# Protective, aggressive... Crazy??



## pinx05 (Dec 19, 2009)

It has been a while since I have been here so I will recap.

My husband brought home a GSD puppy a few months ago (she is about 6 months old now). She was free and for a while we weren't sure if she was a GSD. The vet thought she was about 5 weeks when we got her, contrary to what the previous owner told us. She is very small compared to other GSD's I have owned/seen. 
I have tried to do everything to socialize her... with other puppies, adult dogs, people, places... She still has play dates with other puppies, a Blue Heeler and a Doberman. They all get walked daily, and we have our one on one time as well as them all lounging around the house. 
She is a perfect dog except for one thing. We live on a highway and we get some pretty strange people that come around asking for things, so we took the gate out of the backyard so if my son was outside I didn't have to worry about him going out of the yard, or letting the dogs out, or someone else coming in. So if you want to go in that yard you have to go through the house. 
When someone pulls in the driveway she goes nuts, barking and showing every tooth in her head. I want her to 1) keep people out of that yard and 2) alert me when someone is here, but I think she is taking it a little extreme. If anyone gets near the fence she is doing everything in her power to get to them (including me and my husband). You can call her name and it doesn't stop her for one second. BUT if you come through the house she is fine... she loves everyone, doesn't mind if they are in the yard with her at all... She will try to eat someone while they are in the driveway but the minute they walk in the house she runs straight to them and starts loving on them.
I was in the front yard yesterday and when I work in that yard I have one of the dogs with me, I trade them off so they all get their turn and since their is no fence in that yard I know I can control one at a time if something happened... Anyway, we were out there and my husband pulls up, he just got off work. (She is supposed to be his dog) He walked in the yard and said "Hey Prairie" as he was walking to the door. She took off straight towards him and bit him, I called her and she ran back to me and sat down. I would have never thought she was going to bite him or I wouldn't have let her get that far. I guess she thinks that is what she was supposed to do... and I haven't been encouraging her behavior by any means. I'm just not sure what to do that won't deter her from wanting to protect, because I want her to do that, but I don't want an aggressive dog. There is NO reason for her to bite anyone that lives in this house either, we all spend time with her and she is perfect... until we are on the other side of the fence or someone walks in the front yard. If they are already outside when she goes out she is fine, it is just when she is there first.

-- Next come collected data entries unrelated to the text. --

(* Let $T$ be a normal spanning tree of a connected graph $G$ with $n$ vertices and $m$ edges. Let $r,s\in\mathbb{I}^{m-n+1}$ with $r\ne s$, and suppose there exist $\Phi=(G,\varphi)\in\mathcal{A}_T(r)$ and $\Psi=(G,\psi)\in\mathcal{A}_T(s)$ such that $\Re(\varphi(C))=\Re(\psi(C))$ for every cycle $C$ of $G$. Then $\mathcal{A}_T(r)$ and $\mathcal{A}_T(s)$ are $\mathbb{T}$-cospectral, i.e. all $\mathbb{T}$-gain graphs in $\mathcal{A}_T(r)\cup\mathcal{A}_T(s)$ have adjacency matrices with the same spectrum.
   Context: Graphs are finite, simple and undirected. $\mathbb{T}=\{z\in\mathbb{C}:|z|=1\}$, $\mathbb{I}=[0,2\pi)$. A $\mathbb{T}$-gain on $G$ is a map $\varphi$ from oriented edges to $\mathbb{T}$ with $\varphi(\overrightarrow{e_{ts}})=\varphi(\overrightarrow{e_{st}})^{-1}$; $A(\Phi)$ for $\Phi=(G,\varphi)$ is the Hermitian matrix with $(s,t)$ entry $\varphi(\overrightarrow{e_{st}})$ if $v_s\sim v_t$, else $0$; $\mathcal{T}_G$ is the set of all $\mathbb{T}$-gain graphs on $G$. The gain of a directed cycle is the product of gains of its oriented edges; the two directions of a cycle $C$ have conjugate gains, so $\Re(\varphi(C))$ is well defined. A rooted spanning tree $T$ with root $v_r$ induces the tree order ($v_x\le v_y$ iff $v_x$ is on the $T$-path from $v_r$ to $v_y$); $T$ is normal if adjacent vertices of $G$ are always comparable. The suitably oriented graph $\overrightarrow{G_T}$ orients each edge $e_{st}$ with $v_s\le v_t$ as $\overrightarrow{e_{st}}$ if $e_{st}\in E(T)$ and as $\overrightarrow{e_{ts}}$ otherwise; the $m-n+1$ fundamental cycles of $T$ become directed cycles $\overrightarrow{C_j(T)}$. For $r=(c_1,\dots,c_{m-n+1})\in\mathbb{I}^{m-n+1}$, $\mathcal{A}_T(r)=\{(G,\varphi)\in\mathcal{T}_G:\varphi(\overrightarrow{C_j(T)})=e^{ic_j}\ \forall j\}$. *)

theory Defs
  imports "Jordan_Normal_Form.Char_Poly"
begin

text \<open>Graphs: vertex set {0..<n} (vertex v_s is s), edge set E of 2-element subsets.\<close>

definition simple_graph :: "nat \<Rightarrow> nat set set \<Rightarrow> bool" where
  "simple_graph n E \<longleftrightarrow> (\<forall>e\<in>E. \<exists>u v. u \<noteq> v \<and> u < n \<and> v < n \<and> e = {u, v})"

definition is_path :: "nat set set \<Rightarrow> nat list \<Rightarrow> bool" where
  "is_path F xs \<longleftrightarrow> xs \<noteq> [] \<and> distinct xs \<and> (\<forall>i. Suc i < length xs \<longrightarrow> {xs ! i, xs ! Suc i} \<in> F)"

definition is_cycle :: "nat set set \<Rightarrow> nat list \<Rightarrow> bool" where
  "is_cycle F xs \<longleftrightarrow> length xs \<ge> 3 \<and> is_path F xs \<and> {last xs, hd xs} \<in> F"

definition connected_on :: "nat \<Rightarrow> nat set set \<Rightarrow> bool" where
  "connected_on n F \<longleftrightarrow> (\<forall>u<n. \<forall>v<n. \<exists>xs. is_path F xs \<and> hd xs = u \<and> last xs = v)"

definition spanning_tree :: "nat \<Rightarrow> nat set set \<Rightarrow> nat set set \<Rightarrow> bool" where
  "spanning_tree n E ET \<longleftrightarrow> ET \<subseteq> E \<and> connected_on n ET \<and> (\<nexists>xs. is_cycle ET xs)"

definition tree_le :: "nat set set \<Rightarrow> nat \<Rightarrow> nat \<Rightarrow> nat \<Rightarrow> bool" where
  "tree_le ET rt x y \<longleftrightarrow> (\<exists>xs. is_path ET xs \<and> hd xs = rt \<and> last xs = y \<and> x \<in> set xs)"

definition normal_spanning_tree :: "nat \<Rightarrow> nat set set \<Rightarrow> nat set set \<Rightarrow> nat \<Rightarrow> bool" where
  "normal_spanning_tree n E ET rt \<longleftrightarrow> spanning_tree n E ET \<and> rt < n \<and>
     (\<forall>u v. {u, v} \<in> E \<longrightarrow> tree_le ET rt u v \<or> tree_le ET rt v u)"
lemma lookup_rbd_conic_cycle:
  assumes "conic_chain_in n M (Suc m) zM w"
    and "rbd (Suc m) (conic_chain n M (Suc m) zM w) = 0"
  shows "Poly_Mapping.lookup (rbd (Suc m) zM) \<sigma> = (-1) ^ m * Poly_Mapping.lookup w \<sigma>"
proof (cases "\<sigma> \<in> extensional (standard_simplex m)")
  case False
  moreover have "Poly_Mapping.keys (rbd (Suc m) zM) \<subseteq> extensional (standard_simplex m)"
    using keys_rbd[of "Suc m" zM] by simp
  moreover have "Poly_Mapping.keys w \<subseteq> extensional (standard_simplex m)"
    using assms(1) keys_rchain by (auto simp: conic_chain_in_def)
  ultimately have "Poly_Mapping.lookup (rbd (Suc m) zM) \<sigma> = 0" "Poly_Mapping.lookup w \<sigma> = 0"
    by (metis in_keys_iff subsetD)+
  then show ?thesis
    by simp
next
  case True
  have zM: "Poly_Mapping.keys zM \<subseteq> extensional (standard_simplex (Suc m))"
    and w: "Poly_Mapping.keys w \<subseteq> extensional (standard_simplex m)"
    using assms(1) keys_rchain by (auto simp: conic_chain_in_def)
  have "inj_on (incl_simplex m) (insert \<sigma> (Poly_Mapping.keys (rbd (Suc m) zM)))"
    by (rule inj_on_subset[OF inj_on_incl_simplex]) (use True keys_rbd[of "Suc m" zM] in auto)
  then have "Poly_Mapping.lookup (rbd (Suc m) (rpush (incl_simplex (Suc m)) zM)) (incl_simplex m \<sigma>)
               = Poly_Mapping.lookup (rbd (Suc m) zM) \<sigma>"
    by (simp add: rbd_rpush_natural[where g' = "incl_simplex m"] singular_face_incl_simplex
        lookup_rpush_inj)
  then have "0 = Poly_Mapping.lookup (rbd (Suc m) zM) \<sigma> + (-1) ^ Suc m * Poly_Mapping.lookup w \<sigma>"
    using arg_cong[OF assms(2), of "\<lambda>c. Poly_Mapping.lookup c (incl_simplex m \<sigma>)"]
    by (simp add: conic_chain_def rbd_add lookup_add lookup_rbd_rpush_cone_simplex[OF w True])
  then show ?thesis
    by simp
qed

lemma rnorm_conic_chain:
  assumes "conic_chain_in n M k zM w"
  shows "rnorm (conic_chain n M k zM w) = rnorm zM + rnorm w"
proof (cases k)
  case 0
  with assms have "w = 0" and "inj_on (incl_simplex k) (Poly_Mapping.keys zM)"
    using inj_on_subset[OF inj_on_incl_simplex keys_rchain] by (auto simp: conic_chain_in_def)
  with 0 show ?thesis
    by (simp add: conic_chain_def rnorm_rpush) (simp add: rnorm_def)
next
  case (Suc m)
  have zM: "Poly_Mapping.keys zM \<subseteq> extensional (standard_simplex k)"
    and w: "Poly_Mapping.keys w \<subseteq> extensional (standard_simplex m)"
    using assms Suc keys_rchain by (auto simp: conic_chain_in_def)
  have "Poly_Mapping.keys (rpush (incl_simplex k) zM) \<inter> Poly_Mapping.keys (rpush (cone_simplex n M m) w) = {}"
    using keys_rpush[of "incl_simplex k" zM] keys_rpush[of "cone_simplex n M m" w]
      incl_simplex_neq_cone_simplex Suc by blast
  then show ?thesis
    using Suc inj_on_subset[OF inj_on_incl_simplex zM] inj_on_subset[OF inj_on_cone_simplex w]
    by (simp add: conic_chain_def rnorm_add_disjoint rnorm_rpush)
qed

theorem lemma3p2:
  fixes M :: "'a topology" and n :: nat and a :: "'a chain set"
    and zM w :: "'a rchain"
  assumes "manifold_with_boundary n M"
    and "compact_space M" and "connected_space M" and "topspace M \<noteq> {}"
    and "int_fundamental_class n M a"
    and "conic_fundamental_cycle n M a zM w"
  shows "rnorm (conic_chain n M n zM w) = rnorm zM + rnorm (rbd n zM)"
proof -
  have chain: "conic_chain_in n M n zM w" and cycle: "rbd n (conic_chain n M n zM w) = 0"
    using assms(6) by (auto simp: conic_fundamental_cycle_def)
  have "rnorm (rbd n zM) = rnorm w"
  proof (cases n)
    case 0
    with chain show ?thesis
      by (simp add: conic_chain_in_def rbd_def)
  next
    case (Suc m)
    with chain cycle show ?thesis
      by (intro rnorm_eqI) (simp add: lookup_rbd_conic_cycle abs_mult)
  qed
  with rnorm_conic_chain[OF chain] show ?thesis
    by simp
qed

end
theorem theorem1:
  fixes P :: "'a measure"
    and SNR :: real and L M :: nat
    and h :: "nat \<Rightarrow> nat \<Rightarrow> 'a \<Rightarrow> complex"
    and g :: "nat \<Rightarrow> 'a \<Rightarrow> complex"
    and Rstar Rinit :: real
  assumes "prob_space P"
    and "SNR > 0" and "L \<ge> 1" and "M \<ge> 1"
    and h_distr: "\<And>i j. i \<ge> 1 \<Longrightarrow> 1 \<le> j \<Longrightarrow> j \<le> L \<Longrightarrow>
                    distributed P lborel (h i j) CN01_density"
    and h_indep: "prob_space.indep_vars P (\<lambda>_. borel) (\<lambda>(i, j). h i j) ({1..} \<times> {1..L})"
    and g_distr: "\<And>k. 1 \<le> k \<Longrightarrow> k \<le> M * L \<Longrightarrow> distributed P lborel (g k) CN01_density"
    and g_indep: "prob_space.indep_vars P (\<lambda>_. borel) g {1..M * L}"
    and Rstar_pos: "Rstar > 0"
    and Rstar_max: "\<And>R. R > 0 \<Longrightarrow> nonharq_goodput P SNR (M * L) g R \<le> nonharq_goodput P SNR (M * L) g Rstar"
    and Rstar_largest: "\<And>R. R > 0 \<Longrightarrow>
          nonharq_goodput P SNR (M * L) g R = nonharq_goodput P SNR (M * L) g Rstar \<Longrightarrow> R \<le> Rstar"
    and Rinit_pos: "Rinit > 0"
    and Rinit_max: "\<And>R. R > 0 \<Longrightarrow> harq_eta P SNR L M h R \<le> harq_eta P SNR L M h Rinit"
  shows "Rinit / real M \<le> Rstar"
proof -
  interpret prob_space P by fact
  define G where "G = nonharq_goodput P SNR (M * L) g"
  define E where "E = (\<lambda>R. \<integral>\<omega>. real (harq_T SNR L M h R \<omega>) \<partial>P)"
  have h_meas: "\<And>i j. 1 \<le> i \<Longrightarrow> 1 \<le> j \<Longrightarrow> j \<le> L \<Longrightarrow> h i j \<in> borel_measurable P"
    using distributed_measurable[OF h_distr] by simp
  have E_ge_1: "E R \<ge> 1" for R
    unfolding E_def by (rule harq_ET_ge_1_mono(1)[OF \<open>M \<ge> 1\<close> h_meas])
  have E_mono: "E R' \<le> E R" if "R' \<le> R" for R R'
    unfolding E_def by (rule harq_ET_ge_1_mono(2)[OF \<open>M \<ge> 1\<close> h_meas that])
  have eta_eq: "harq_eta P SNR L M h R = real M * G (R / real M) / E R" for R
    using harq_eps_eq_nonharq_eps[OF \<open>L \<ge> 1\<close> \<open>M \<ge> 1\<close> h_distr h_indep g_distr g_indep]
      \<open>M \<ge> 1\<close> unfolding harq_eta_def G_def nonharq_goodput_def E_def by simp
  have G_nonneg: "0 \<le> G R" if "R > 0" for R
    using that unfolding G_def nonharq_goodput_def nonharq_eps_def by simp
  show ?thesis
  proof (rule scaled_maximizer_le_largest_maximizer[where G=G and E=E])
    show "real M > 0" using \<open>M \<ge> 1\<close> by simp
    show "E R > 0" for R using E_ge_1[of R] by simp
    show "E R' \<le> E R" if "R' \<le> R" for R R' using E_mono[OF that] .
    show "real M * G (R / real M) / E R \<le> real M * G (Rinit / real M) / E Rinit"
      if "R > 0" for R
      using Rinit_max[OF that] unfolding eta_eq .
  qed (use Rstar_pos Rinit_pos G_nonneg Rstar_max Rstar_largest in \<open>auto simp: G_def\<close>)
qed

end
lemma span_Der_eq:
  assumes "p \<ge> 1" "notOmega1 p phi"
  shows "mat.span (Der phi p) = mat.span (Inn phi p \<union> diag_der ` {1..<p})"
proof -
  have "Inn phi p \<union> diag_der ` {1..<p} \<subseteq> Der phi p"
    using assms(1) ad_matrix_Der diag_der_Der by (auto simp: Inn_eq)
  moreover have "Der phi p \<subseteq> mat.span (Inn phi p \<union> diag_der ` {1..<p})"
  proof
    fix D assume "D \<in> Der phi p"
    then obtain x where x: "supp_vec p x"
      and D: "D = ad_matrix phi p x + (\<Sum>q\<in>{1..<p}. mscale (outer_coeff phi q D) (diag_der q))"
      using Der_decomposition assms by blast
    have "ad_matrix phi p x \<in> mat.span (Inn phi p \<union> diag_der ` {1..<p})"
      using x assms(1) by (intro mat.span_base) (auto simp: Inn_eq)
    moreover have "(\<Sum>q\<in>{1..<p}. mscale (outer_coeff phi q D) (diag_der q))
        \<in> mat.span (Inn phi p \<union> diag_der ` {1..<p})"
      by (intro mat.span_sum mat.span_scale mat.span_base) auto
    ultimately show "D \<in> mat.span (Inn phi p \<union> diag_der ` {1..<p})"
      by (subst D) (rule mat.span_add)
  qed
  ultimately show ?thesis
    unfolding mat.span_eq using mat.span_superset[of "Der phi p"] by blast
qed

lemma diag_der_notin_span:
  assumes "p \<ge> 1" "q \<in> {1..<p}"
  shows "diag_der q \<notin> mat.span (Inn phi p \<union> diag_der ` ({1..<p} - {q}))"
proof -
  have "Inn phi p \<union> diag_der ` ({1..<p} - {q}) \<subseteq> {D. outer_coeff phi q D = 0}"
    using assms by (auto simp: Inn_eq outer_coeff_ad_matrix outer_coeff_diag_der)
  then have "mat.span (Inn phi p \<union> diag_der ` ({1..<p} - {q})) \<subseteq> {D. outer_coeff phi q D = 0}"
    by (rule mat.span_minimal[OF _ subspace_outer_coeff_eq_0])
  moreover have "outer_coeff phi q (diag_der q) = 1"
    using assms(2) by (simp add: outer_coeff_diag_der)
  ultimately show ?thesis
    by auto
qed

theorem corollary1:
  fixes p :: nat and phi :: "nat \<Rightarrow> complex"
  assumes "p \<ge> 2" and "notOmega1 p phi"
  shows "vector_space.dim mscale (Der phi p) = vector_space.dim mscale (Inn phi p) + (p - 1)"
proof -
  have p: "p \<ge> 1"
    using assms(1) by simp
  have "Inn phi p \<subseteq> mat.span ((\<lambda>(a, b). matrix_unit a b) ` (idx p \<times> idx p))"
    by (auto simp: Inn_def ad_def supp_mat_def intro: supp_mat_in_span_matrix_units)
  then have "mat.dim (Inn phi p \<union> diag_der ` {1..<p}) = mat.dim (Inn phi p) + card {1..<p}"
    using diag_der_notin_span[OF p] by (intro mat.dim_Un_image_notin_span) auto
  moreover have "mat.dim (Der phi p) = mat.dim (Inn phi p \<union> diag_der ` {1..<p})"
    using span_Der_eq[OF p assms(2)] by (rule mat.span_eq_dim)
  ultimately show ?thesis
    by simp
qed

end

Ok so a couple of questions...

How do I get her to let me make the decisions of whether someone should come in the yard or not?
How do I get her to chill about the whole fence thing?


----------



## MaggieRoseLee (Aug 17, 2001)

> When someone pulls in the driveway she goes nuts, barking and showing every tooth in her head. I want her to 1) keep people out of that yard and 2) alert me when someone is here, but I think she is taking it a little extreme. If anyone gets near the fence she is doing everything in her power to get to them (including me and my husband). You can call her name and it doesn't stop her for one second.


For a start, I'd STOP this behavior entirely. It allows her to go into a frenzy of aggession/protection where no THOUGHT is occuring at all. She's not going to listen to anyone, for some reason she thinks it's her job to be crazy and bite and she's doing it extremely well!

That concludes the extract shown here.